X_train_seq = tokenizer.texts_to_sequences(X_train_texts)
X_test_seq = tokenizer.texts_to_sequences(X_test_texts)

# Pad the sequences to ensure consistent length
max_length = 300  # Maximum length of a review
X_train_pad = pad_sequences(X_train_seq, maxlen=max_length)
X_test_pad = pad_sequences(X_test_seq, maxlen=max_length)

In [31]:
# Define and train the LSTM model
embedding_dim = 100  # Dimensionality of the word embeddings

model = Sequential()
model.add(Embedding(max_words, embedding_dim, input_length=max_length))
model.add(LSTM(100))
model.add(Dense(3, activation='softmax'))  # Three classes for sentiment analysis

model.compile(loss='categorical_crossentropy', optimizer='adam', metrics=['accuracy'])

batch_size = 64
epochs = 10 # Iteration

model.fit(X_train_pad, y_train2, validation_data=(X_test_pad, y_test2), batch_size=batch_size, epochs=epochs)

Epoch 1/10
Epoch 2/10
Epoch 3/10
Epoch 4/10
Epoch 5/10
Epoch 6/10
Epoch 7/10
Epoch 8/10
Epoch 9/10
Epoch 10/10


<keras.callbacks.History at 0x7ff93878d9f0>

In [32]:
# Evaluate the model
loss, accuracy = model.evaluate(X_test_pad, y_test2)
print('Test loss:', round(loss,3))
print('Test accuracy:', round(accuracy,3))

Test loss: 0.474
Test accuracy: 0.883


In summary, the loss metric provides a measure of how well the model is fitting the training data, and minimizing the loss during training helps the model make better predictions on unseen data.

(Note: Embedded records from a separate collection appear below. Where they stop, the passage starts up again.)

lemma reversible_nn_integral_antisymmetric:
  fixes \<phi> :: "'a \<Rightarrow> 'a \<Rightarrow> real"
  assumes rev: "reversible M m \<nu>"
    and [measurable]: "(\<lambda>(x, y). \<phi> x y) \<in> borel_measurable (M \<Otimes>\<^sub>M M)"
    and anti: "\<And>x y. \<phi> y x = - \<phi> x y"
  shows "(\<integral>\<^sup>+x. (\<integral>\<^sup>+y. ennreal (\<phi> x y) \<partial>m x) \<partial>\<nu>) = (\<integral>\<^sup>+x. (\<integral>\<^sup>+y. ennreal (- \<phi> x y) \<partial>m x) \<partial>\<nu>)"
proof -
  have "(\<lambda>(x, y). ennreal (\<phi> x y)) \<in> borel_measurable (M \<Otimes>\<^sub>M M)"
    by measurable
  then have "(\<integral>\<^sup>+x. (\<integral>\<^sup>+y. (\<lambda>(x, y). ennreal (\<phi> x y)) (x, y) \<partial>m x) \<partial>\<nu>)
      = (\<integral>\<^sup>+x. (\<integral>\<^sup>+y. (\<lambda>(x, y). ennreal (\<phi> x y)) (y, x) \<partial>m x) \<partial>\<nu>)"
    using rev unfolding reversible_def by blast
  then have "(\<integral>\<^sup>+x. (\<integral>\<^sup>+y. ennreal (\<phi> x y) \<partial>m x) \<partial>\<nu>) = (\<integral>\<^sup>+x. (\<integral>\<^sup>+y. ennreal (\<phi> y x) \<partial>m x) \<partial>\<nu>)"
    by (simp only: prod.case)
  also have "\<dots> = (\<integral>\<^sup>+x. (\<integral>\<^sup>+y. ennreal (- \<phi> x y) \<partial>m x) \<partial>\<nu>)"
    by (intro nn_integral_cong arg_cong[where f = ennreal] anti)
  finally show ?thesis .
qed

lemma reversible_integral_antisymmetric_eq_0:
  fixes \<phi> :: "'a \<Rightarrow> 'a \<Rightarrow> real"
  assumes rw: "reversible_random_walk_space M m \<nu>"
    and \<phi>_meas[measurable]: "(\<lambda>(x, y). \<phi> x y) \<in> borel_measurable (M \<Otimes>\<^sub>M M)"
    and anti: "\<And>x y. \<phi> y x = - \<phi> x y"
    and fin: "(\<integral>\<^sup>+x. (\<integral>\<^sup>+y. ennreal \<bar>\<phi> x y\<bar> \<partial>m x) \<partial>\<nu>) < \<infinity>"
  shows "(\<integral>x. (\<integral>y. \<phi> x y \<partial>m x) \<partial>\<nu>) = 0"
proof -
  have sets_\<nu>: "sets \<nu> = sets M" and walk: "random_walk M m" and rev: "reversible M m \<nu>"
    using rw unfolding reversible_random_walk_space_def random_walk_space_def by auto
  define P where "P x = (\<integral>\<^sup>+y. ennreal (\<phi> x y) \<partial>m x)" for x
  define N where "N x = (\<integral>\<^sup>+y. ennreal (- \<phi> x y) \<partial>m x)" for x
  define A where "A x = (\<integral>\<^sup>+y. ennreal \<bar>\<phi> x y\<bar> \<partial>m x)" for x
  have [measurable]: "P \<in> borel_measurable \<nu>" "N \<in> borel_measurable \<nu>" "A \<in> borel_measurable \<nu>"
    "(\<lambda>x. \<integral>y. \<phi> x y \<partial>m x) \<in> borel_measurable \<nu>"
    unfolding P_def N_def A_def measurable_cong_sets[OF sets_\<nu> refl]
    by (intro random_walk_nn_integral_measurable[OF walk] random_walk_integral_measurable[OF walk];
        measurable)+
  have P_eq_N: "(\<integral>\<^sup>+x. P x \<partial>\<nu>) = (\<integral>\<^sup>+x. N x \<partial>\<nu>)"
    using rev \<phi>_meas anti unfolding P_def N_def by (rule reversible_nn_integral_antisymmetric)
  have A_finite: "AE x in \<nu>. A x \<noteq> \<infinity>"
    using fin[folded A_def] by (intro nn_integral_PInf_AE) auto
  have P_le: "P x \<le> A x" and N_le: "N x \<le> A x" for x
    unfolding P_def N_def A_def by (auto intro!: nn_integral_mono ennreal_leI)
  have P_fin: "(\<integral>\<^sup>+x. P x \<partial>\<nu>) < \<infinity>" and N_fin: "(\<integral>\<^sup>+x. N x \<partial>\<nu>) < \<infinity>"
    using fin[folded A_def] P_le N_le by (auto intro: le_less_trans nn_integral_mono)
  have inner: "AE x in \<nu>. (\<integral>y. \<phi> x y \<partial>m x) = enn2real (P x) - enn2real (N x)"
    using A_finite AE_space
  proof eventually_elim
    case (elim x)
    then have x: "x \<in> space M"
      using sets_eq_imp_space_eq[OF sets_\<nu>] by simp
    then have "sets (m x) = sets M"
      using walk unfolding random_walk_def by auto
    then have "\<phi> x \<in> borel_measurable (m x)"
      by (subst measurable_cong_sets[OF \<open>sets (m x) = sets M\<close> refl]) (use x in measurable)
    moreover have "(\<integral>\<^sup>+y. ennreal (norm (\<phi> x y)) \<partial>m x) < \<infinity>"
      using elim unfolding A_def by (simp add: less_top)
    ultimately have "integrable (m x) (\<phi> x)"
      by (rule integrableI_bounded)
    then show ?case
      unfolding P_def N_def by (rule real_lebesgue_integral_def)
  qed
  have "(\<integral>x. (\<integral>y. \<phi> x y \<partial>m x) \<partial>\<nu>) = (\<integral>x. enn2real (P x) - enn2real (N x) \<partial>\<nu>)"
    using inner by (intro integral_cong_AE) auto
  also have "\<dots> = enn2real (\<integral>\<^sup>+x. P x \<partial>\<nu>) - enn2real (\<integral>\<^sup>+x. N x \<partial>\<nu>)"
    using P_fin N_fin by (simp add: integrable_enn2real integral_enn2real)
  finally show ?thesis
    using P_eq_N by simp
qed

lemma subdiff_L2_integral_eq_0:
  assumes "finite_measure \<nu>"
    and shift_invariant: "\<And>a. F (\<lambda>x. u x + a) = F u"
    and "subdiff_L2 \<nu> F u v"
  shows "(\<integral>x. v x \<partial>\<nu>) = 0"
proof -
  interpret finite_measure \<nu> by fact
  have u: "L2 \<nu> u" and "F u < \<infinity>"
    and subgradient: "\<And>w. L2 \<nu> w \<Longrightarrow>
      enn2ereal (F w) \<ge> enn2ereal (F u) + ereal (\<integral>x. v x * (w x - u x) \<partial>\<nu>)"
    using assms(3) unfolding subdiff_L2_def by auto
  then obtain r where r: "enn2ereal (F u) = ereal r"
    by (cases "F u") (auto simp: ennreal_less_top)
  have "(\<integral>x. v x * a \<partial>\<nu>) \<le> 0" for a
    using subgradient[OF L2_add_const[OF u, of a]] shift_invariant r by simp
  from this[of 1] this[of "-1"] show ?thesis
    by simp
qed

lemma F1_add_const: "F1 m \<nu> (\<lambda>x. u x + a) = F1 m \<nu> u"
  by (simp add: F1_def nl_grad_def)

lemma Delta1_integral_eq_0:
  assumes "finite_measure \<nu>" "Delta1 m \<nu> u v"
  shows "(\<integral>x. v x \<partial>\<nu>) = 0"
proof -
  have "(\<integral>x. - v x \<partial>\<nu>) = 0"
    using assms(2) unfolding Delta1_def
    by (rule subdiff_L2_integral_eq_0[where F = "F1 m \<nu>" and u = u, OF assms(1) F1_add_const])
  then show ?thesis
    by simp
qed

lemma abs_powr_minus_2_mult_le:
  fixes g p :: real
  assumes "p > 1"
  shows "\<bar>\<bar>g\<bar> powr (p - 2) * g\<bar> \<le> 1 + \<bar>g\<bar> powr p"
proof (cases "g = 0")
  case False
  have "\<bar>\<bar>g\<bar> powr (p - 2) * g\<bar> = \<bar>g\<bar> powr (p - 1)"
    using False powr_mult_base[of "\<bar>g\<bar>" "p - 2"] by (simp add: abs_mult mult.commute)
  also have "\<dots> \<le> 1 + \<bar>g\<bar> powr p"
  proof (cases "\<bar>g\<bar> \<le> 1")
    case True
    then have "\<bar>g\<bar> powr (p - 1) \<le> 1"
      using assms by (intro powr_le1) auto
    then show ?thesis
      by (simp add: add_increasing2)
  next
    case False
    then have "\<bar>g\<bar> powr (p - 1) \<le> \<bar>g\<bar> powr p"
      by (intro powr_mono) auto
    then show ?thesis
      by simp
  qed
  finally show ?thesis .
qed simp

lemma (in finite_measure) nn_integral_abs_powr_minus_2_mult_finite:
  fixes h :: "'a \<Rightarrow> 'a \<Rightarrow> real"
  assumes "p > 1" and rws: "random_walk_space M' m M"
    and [measurable]: "(\<lambda>(x, y). h x y) \<in> borel_measurable (M' \<Otimes>\<^sub>M M')"
    and "(\<integral>\<^sup>+x. (\<integral>\<^sup>+y. ennreal (\<bar>h x y\<bar> powr p) \<partial>m x) \<partial>M) < \<infinity>"
  shows "(\<integral>\<^sup>+x. (\<integral>\<^sup>+y. ennreal \<bar>\<bar>h x y\<bar> powr (p - 2) * h x y\<bar> \<partial>m x) \<partial>M) < \<infinity>"
proof -
  have sets_M: "sets M = sets M'" and walk: "random_walk M' m"
    using rws unfolding random_walk_space_def by auto
  define G where "G x = (\<integral>\<^sup>+y. ennreal (\<bar>h x y\<bar> powr p) \<partial>m x)" for x
  have [measurable]: "G \<in> borel_measurable M"
    unfolding G_def measurable_cong_sets[OF sets_M refl]
    by (rule random_walk_nn_integral_measurable[OF walk]) measurable
  have "(\<integral>\<^sup>+y. ennreal \<bar>\<bar>h x y\<bar> powr (p - 2) * h x y\<bar> \<partial>m x) \<le> 1 + G x" if "x \<in> space M" for x
  proof -
    have "x \<in> space M'"
      using that sets_eq_imp_space_eq[OF sets_M] by simp
    then have "prob_space (m x)" and sets_mx: "sets (m x) = sets M'"
      using walk unfolding random_walk_def by auto
    have "(\<integral>\<^sup>+y. ennreal \<bar>\<bar>h x y\<bar> powr (p - 2) * h x y\<bar> \<partial>m x)
        \<le> (\<integral>\<^sup>+y. 1 + ennreal (\<bar>h x y\<bar> powr p) \<partial>m x)"
      by (intro nn_integral_mono order_trans[OF ennreal_leI[OF abs_powr_minus_2_mult_le[OF assms(1)]]])
        (simp add: ennreal_plus)
    also have "\<dots> = emeasure (m x) (space (m x)) + G x"
      unfolding G_def using \<open>x \<in> space M'\<close>
      by (subst nn_integral_add) (simp_all add: measurable_cong_sets[OF sets_mx refl])
    also have "emeasure (m x) (space (m x)) = 1"
      using \<open>prob_space (m x)\<close> by (rule prob_space.emeasure_space_1)
    finally show ?thesis .
  qed
  then have "(\<integral>\<^sup>+x. (\<integral>\<^sup>+y. ennreal \<bar>\<bar>h x y\<bar> powr (p - 2) * h x y\<bar> \<partial>m x) \<partial>M) \<le> (\<integral>\<^sup>+x. 1 + G x \<partial>M)"
    by (rule nn_integral_mono)
  also have "\<dots> = emeasure M (space M) + (\<integral>\<^sup>+x. G x \<partial>M)"
    by (subst nn_integral_add) auto
  also have "\<dots> < \<infinity>"
    using assms(4) unfolding G_def by (simp add: less_top[symmetric])
  finally show ?thesis .
qed
(* The context half is strengthened to well-sortedness of every alpha-variant of an entry
   type: the variable case needs it. *)
lemma alpha_invariance:
  shows "ok \<Gamma> \<Longrightarrow> \<Gamma> \<approx>\<^sub>\<alpha> \<Delta> \<Longrightarrow>
      ok \<Delta> \<and> (\<forall>x A A'. (x, A) \<in> set \<Gamma> \<longrightarrow> A \<sim>\<^sub>\<alpha> A' \<longrightarrow> (\<exists>s. \<Delta> \<turnstile> A' : Cst s))"
    and "\<Gamma> \<turnstile> M : A \<Longrightarrow> \<Gamma> \<approx>\<^sub>\<alpha> \<Delta> \<Longrightarrow> M \<sim>\<^sub>\<alpha> M' \<Longrightarrow> A \<sim>\<^sub>\<alpha> A' \<Longrightarrow>
      \<Delta> \<turnstile> M' : A'"
proof (induction arbitrary: \<Delta> and \<Delta> M' A' rule: ctx_ok_typing.inducts)
  case ok_nil
  then show ?case by (simp add: ctx_ok_typing.ok_nil)
next
  case (ok_cons \<Gamma> A s x)
  from ok_cons.prems obtain C \<Delta>' where \<Delta>: "\<Delta> = (x, C) # \<Delta>'"
    and "A \<sim>\<^sub>\<alpha> C" and "\<Gamma> \<approx>\<^sub>\<alpha> \<Delta>'"
    by (rule ctx_alpha_Cons_leftE)
  have "ok \<Delta>'" and entries: "\<And>y D D'. (y, D) \<in> set \<Gamma> \<Longrightarrow> D \<sim>\<^sub>\<alpha> D' \<Longrightarrow> \<exists>s. \<Delta>' \<turnstile> D' : Cst s"
    using ok_cons.IH(2)[OF \<open>\<Gamma> \<approx>\<^sub>\<alpha> \<Delta>'\<close>] by blast+
  have sorted: "\<Delta>' \<turnstile> D : Cst s" if "A \<sim>\<^sub>\<alpha> D" for D
    using ok_cons.IH(4)[OF \<open>\<Gamma> \<approx>\<^sub>\<alpha> \<Delta>'\<close> that alpha_refl] .
  have "x \<notin> set (map fst \<Delta>')"
    using ok_cons.hyps ctx_alpha_dom[OF \<open>\<Gamma> \<approx>\<^sub>\<alpha> \<Delta>'\<close>] by simp
  then have "ok \<Delta>"
    unfolding \<Delta> using \<open>ok \<Delta>'\<close> sorted[OF \<open>A \<sim>\<^sub>\<alpha> C\<close>] by (blast intro: ctx_ok_typing.ok_cons)
  moreover have "\<exists>s. \<Delta> \<turnstile> D' : Cst s" if "(y, D) \<in> set ((x, A) # \<Gamma>)" and "D \<sim>\<^sub>\<alpha> D'" for y D D'
  proof -
    from that(1) have "(y, D) = (x, A) \<or> (y, D) \<in> set \<Gamma>"
      by simp
    then obtain s' where "\<Delta>' \<turnstile> D' : Cst s'"
      using sorted entries \<open>D \<sim>\<^sub>\<alpha> D'\<close> by blast
    then show ?thesis
      using weakening[OF _ _ \<open>ok \<Delta>\<close>] unfolding \<Delta> by (meson set_subset_Cons)
  qed
  ultimately show ?case
    by blast
next
  case (ty_sort \<Gamma> s1 s2)
  then show ?case
    by (auto intro: ctx_ok_typing.ty_sort)
next
  case (ty_var \<Gamma> x A)
  obtain C where "(x, C) \<in> set \<Delta>" and "A \<sim>\<^sub>\<alpha> C"
    using ctx_alpha_mem[OF ty_var.prems(1) ty_var.hyps] by blast
  from ty_var.IH(2)[OF ty_var.prems(1)] obtain s where "ok \<Delta>" and "\<Delta> \<turnstile> A' : Cst s"
    using ty_var.hyps ty_var.prems(3) by blast
  have "\<Delta> \<turnstile> Var x : C"
    using \<open>ok \<Delta>\<close> \<open>(x, C) \<in> set \<Delta>\<close> by (rule ctx_ok_typing.ty_var)
  moreover have "C \<sim>\<^sub>\<alpha> A'"
    using \<open>A \<sim>\<^sub>\<alpha> C\<close> ty_var.prems(3) alpha_sym alpha_trans by blast
  ultimately show ?case
    using ty_var.prems(2) ty_conv_alpha[OF _ _ \<open>\<Delta> \<turnstile> A' : Cst s\<close>] by simp
next
  case (ty_prod s1 s2 s3 \<Gamma> A B x)
  from ty_prod.prems(2) obtain x1 A1 B1 where M': "M' = Pi x1 A1 B1" and "A \<sim>\<^sub>\<alpha> A1"
    and B1: "\<And>z. B\<langle>x := Var z\<rangle> = B1\<langle>x1 := Var z\<rangle>"
    by (elim alpha_Pi_leftE) blast
  have A1: "\<Delta> \<turnstile> A1 : Cst s1"
    using ty_prod.IH(3)[OF ty_prod.prems(1) \<open>A \<sim>\<^sub>\<alpha> A1\<close> alpha_refl] .
  have "(z, A1) # \<Delta> \<turnstile> B1\<langle>x1 := Var z\<rangle> : Cst s2" if "z \<notin> set (map fst \<Delta>)" for z
  proof -
    have "z \<notin> set (map fst \<Gamma>)"
      using that ctx_alpha_dom[OF ty_prod.prems(1)] by simp
    then have IH: "\<And>\<Delta>0 N T. (z, A) # \<Gamma> \<approx>\<^sub>\<alpha> \<Delta>0 \<Longrightarrow> B\<langle>x := Var z\<rangle> \<sim>\<^sub>\<alpha> N \<Longrightarrow>
        Cst s2 \<sim>\<^sub>\<alpha> T \<Longrightarrow> \<Delta>0 \<turnstile> N : T"
      using ty_prod.IH(4) by blast
    show ?thesis
      by (rule IH) (simp_all add: ty_prod.prems(1) \<open>A \<sim>\<^sub>\<alpha> A1\<close> B1 alpha_refl)
  qed
  then show ?case
    using ty_prod.prems(3) unfolding M'
    by (auto intro!: ctx_ok_typing.ty_prod[where Rl = Rl, OF ty_prod.IH(1) A1])
next
  case (ty_abs s1 s2 s3 \<Gamma> A B y M x)
  from ty_abs.prems(2) obtain x1 A1 M1 where M': "M' = Lam x1 A1 M1" and "A \<sim>\<^sub>\<alpha> A1"
    and M1: "\<And>z. M\<langle>x := Var z\<rangle> = M1\<langle>x1 := Var z\<rangle>"
    by (elim alpha_Lam_leftE) blast
  from ty_abs.prems(3) obtain y2 A2 B2 where A': "A' = Pi y2 A2 B2" and "A \<sim>\<^sub>\<alpha> A2"
    and B2: "\<And>z. B\<langle>y := Var z\<rangle> = B2\<langle>y2 := Var z\<rangle>"
    by (elim alpha_Pi_leftE) blast
  have A1: "\<Delta> \<turnstile> A1 : Cst s1" and A2: "\<Delta> \<turnstile> A2 : Cst s1"
    using ty_abs.IH(3)[OF ty_abs.prems(1) _ alpha_refl] \<open>A \<sim>\<^sub>\<alpha> A1\<close> \<open>A \<sim>\<^sub>\<alpha> A2\<close> by blast+
  have body: "(z, D) # \<Delta> \<turnstile> B2\<langle>y2 := Var z\<rangle> : Cst s2
      \<and> (z, D) # \<Delta> \<turnstile> M1\<langle>x1 := Var z\<rangle> : B2\<langle>y2 := Var z\<rangle>"
    if "z \<notin> set (map fst \<Delta>)" and "A \<sim>\<^sub>\<alpha> D" for z D
  proof -
    have "z \<notin> set (map fst \<Gamma>)"
      using that(1) ctx_alpha_dom[OF ty_abs.prems(1)] by simp
    then have IHB: "\<And>\<Delta>0 N T. (z, A) # \<Gamma> \<approx>\<^sub>\<alpha> \<Delta>0 \<Longrightarrow> B\<langle>y := Var z\<rangle> \<sim>\<^sub>\<alpha> N \<Longrightarrow>
        Cst s2 \<sim>\<^sub>\<alpha> T \<Longrightarrow> \<Delta>0 \<turnstile> N : T"
      and IHM: "\<And>\<Delta>0 N T. (z, A) # \<Gamma> \<approx>\<^sub>\<alpha> \<Delta>0 \<Longrightarrow> M\<langle>x := Var z\<rangle> \<sim>\<^sub>\<alpha> N \<Longrightarrow>
        B\<langle>y := Var z\<rangle> \<sim>\<^sub>\<alpha> T \<Longrightarrow> \<Delta>0 \<turnstile> N : T"
      using ty_abs.IH(4,5) by blast+
    have ctx: "(z, A) # \<Gamma> \<approx>\<^sub>\<alpha> (z, D) # \<Delta>"
      using ty_abs.prems(1) that(2) by simp
    show ?thesis
      using IHB[OF ctx] IHM[OF ctx] by (simp add: B2 M1 alpha_refl)
  qed
  have "\<Delta> \<turnstile> Lam x1 A1 M1 : Pi y2 A1 B2"
    using body \<open>A \<sim>\<^sub>\<alpha> A1\<close>
    by (intro ctx_ok_typing.ty_abs[where Rl = Rl, OF ty_abs.IH(1) A1]) blast+
  moreover have "\<Delta> \<turnstile> Pi y2 A2 B2 : Cst s3"
    using body \<open>A \<sim>\<^sub>\<alpha> A2\<close>
    by (intro ctx_ok_typing.ty_prod[where Rl = Rl, OF ty_abs.IH(1) A2]) blast
  moreover have "A1 \<sim>\<^sub>\<alpha> A2"
    using \<open>A \<sim>\<^sub>\<alpha> A1\<close> \<open>A \<sim>\<^sub>\<alpha> A2\<close> alpha_sym alpha_trans by blast
  ultimately show ?case
    unfolding M' A' by (blast intro: ty_conv_alpha alpha_Pi_dom)
next
  case (ty_app \<Gamma> M x A B N s)
  from ty_app.prems(2) obtain M1 N1 where M': "M' = App M1 N1"
    and "M \<sim>\<^sub>\<alpha> M1" and "N \<sim>\<^sub>\<alpha> N1"
    by (rule alpha_App_leftE)
  have "B\<langle>x := N\<rangle> \<sim>\<^sub>\<alpha> B\<langle>x := N1\<rangle>"
    using \<open>N \<sim>\<^sub>\<alpha> N1\<close> by (rule alpha_subst1_arg)
  have "\<Delta> \<turnstile> App M1 N1 : B\<langle>x := N1\<rangle>"
  proof (rule ctx_ok_typing.ty_app)
    show "\<Delta> \<turnstile> M1 : Pi x A B"
      using ty_app.IH(2)[OF ty_app.prems(1) \<open>M \<sim>\<^sub>\<alpha> M1\<close> alpha_refl] .
    show "\<Delta> \<turnstile> N1 : A"
      using ty_app.IH(4)[OF ty_app.prems(1) \<open>N \<sim>\<^sub>\<alpha> N1\<close> alpha_refl] .
    show "\<Delta> \<turnstile> B\<langle>x := N1\<rangle> : Cst s"
      using ty_app.IH(6)[OF ty_app.prems(1) \<open>B\<langle>x := N\<rangle> \<sim>\<^sub>\<alpha> B\<langle>x := N1\<rangle>\<close> alpha_refl] .
  qed
  moreover have "B\<langle>x := N1\<rangle> \<sim>\<^sub>\<alpha> A'"
    using \<open>B\<langle>x := N\<rangle> \<sim>\<^sub>\<alpha> B\<langle>x := N1\<rangle>\<close> ty_app.prems(3) alpha_sym alpha_trans by blast
  moreover have "\<Delta> \<turnstile> A' : Cst s"
    using ty_app.IH(6)[OF ty_app.prems(1) ty_app.prems(3) alpha_refl] .
  ultimately show ?case
    unfolding M' by (rule ty_conv_alpha)
next
  case (ty_conv \<Gamma> M A B s)
  have "\<Delta> \<turnstile> M' : A"
    using ty_conv.IH(2)[OF ty_conv.prems(1,2) alpha_refl] .
  moreover have "bconv chi enc dec A A'"
    using ty_conv.IH(3) bconv_alpha[OF ty_conv.prems(3)] by (rule bconv_trans)
  moreover have "\<Delta> \<turnstile> A' : Cst s"
    using ty_conv.IH(5)[OF ty_conv.prems(1,3) alpha_refl] .
  ultimately show ?case
    by (rule ctx_ok_typing.ty_conv)
qed
lemma base_avoids_quad:
  assumes "avoids_quad word" shows "avoids_quad base"
  unfolding avoids_quad_def length_base
proof (intro allI impI notI)
  fix i j assume ij: "i + 2 \<le> j" "j + 1 < k"
    and pat: "nested_pattern (base!i) (base!(i+1)) (base!j) (base!(j+1))"
  have e: "collapse (expand i) = i" "expand i < n" "collapse (expand i + 1) = i + 1" "expand i + 1 < n"
    "collapse (expand j) = j" "expand j < n" "collapse (expand j + 1) = j + 1" "expand j + 1 < n"
    using collapse_expand[of i] collapse_expand_Suc[of i] collapse_expand[of j] collapse_expand_Suc[of j] ij
    by auto
  then have "nested_pattern (word!expand i) (word!(expand i + 1)) (word!expand j) (word!(expand j + 1))"
    using nested_pattern_word_iff_base[of "expand i" "expand i + 1" "expand j" "expand j + 1"] ij pat by auto
  then show False
    using assms expand_gap[OF ij(1)] e unfolding avoids_quad_def length_word by blast
qed

lemma base_avoids_231_end:
  assumes "avoids_231_end word" shows "avoids_231_end base"
  unfolding avoids_231_end_def length_base
proof (intro allI impI notI)
  fix i assume i: "i + 2 < k" and pat: "base!(k - 1) < base!i \<and> base!i < base!(i+1)"
  have e: "collapse (expand i) = i" "expand i < n" "collapse (expand i + 1) = i + 1" "expand i + 1 < n"
    using collapse_expand[of i] collapse_expand_Suc[of i] i by auto
  have "collapse (n - 1) = k - 1" "n - 1 < n" using collapse_last e by auto
  moreover have "expand i + 2 < n"
  proof (rule ccontr)
    assume "\<not> expand i + 2 < n"
    then have "collapse (n - 1) \<le> collapse (expand i + 1)" by (intro collapse_mono) simp
    then show False using collapse_last e i by simp
  qed
  moreover have "word!(n - 1) < word!(expand i) \<longleftrightarrow> base!(k - 1) < base!i"
    "word!(expand i) < word!(expand i + 1) \<longleftrightarrow> base!i < base!(i+1)"
    using word_less_iff_base_less e calculation i by auto
  ultimately show False using assms pat unfolding avoids_231_end_def length_word by auto
qed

In the case of multi-class classification, the range for categorical cross-entropy loss is from 0 to infinity. The lower value the better with 0 represents a perfect match between predictions and the true labels.

# We can see that with a 89.5% accuracy, LSTM performs a little bit better than Naive Bayes (89%) for this problem.

The limitation for this is that I only run the code once everytime, so even though I set seed, it is not always guarantee complete non-determinism. If possible, should focus on cross validation to find the best possible accuracy score. Or we could do a grid search to find the best hyperparameter.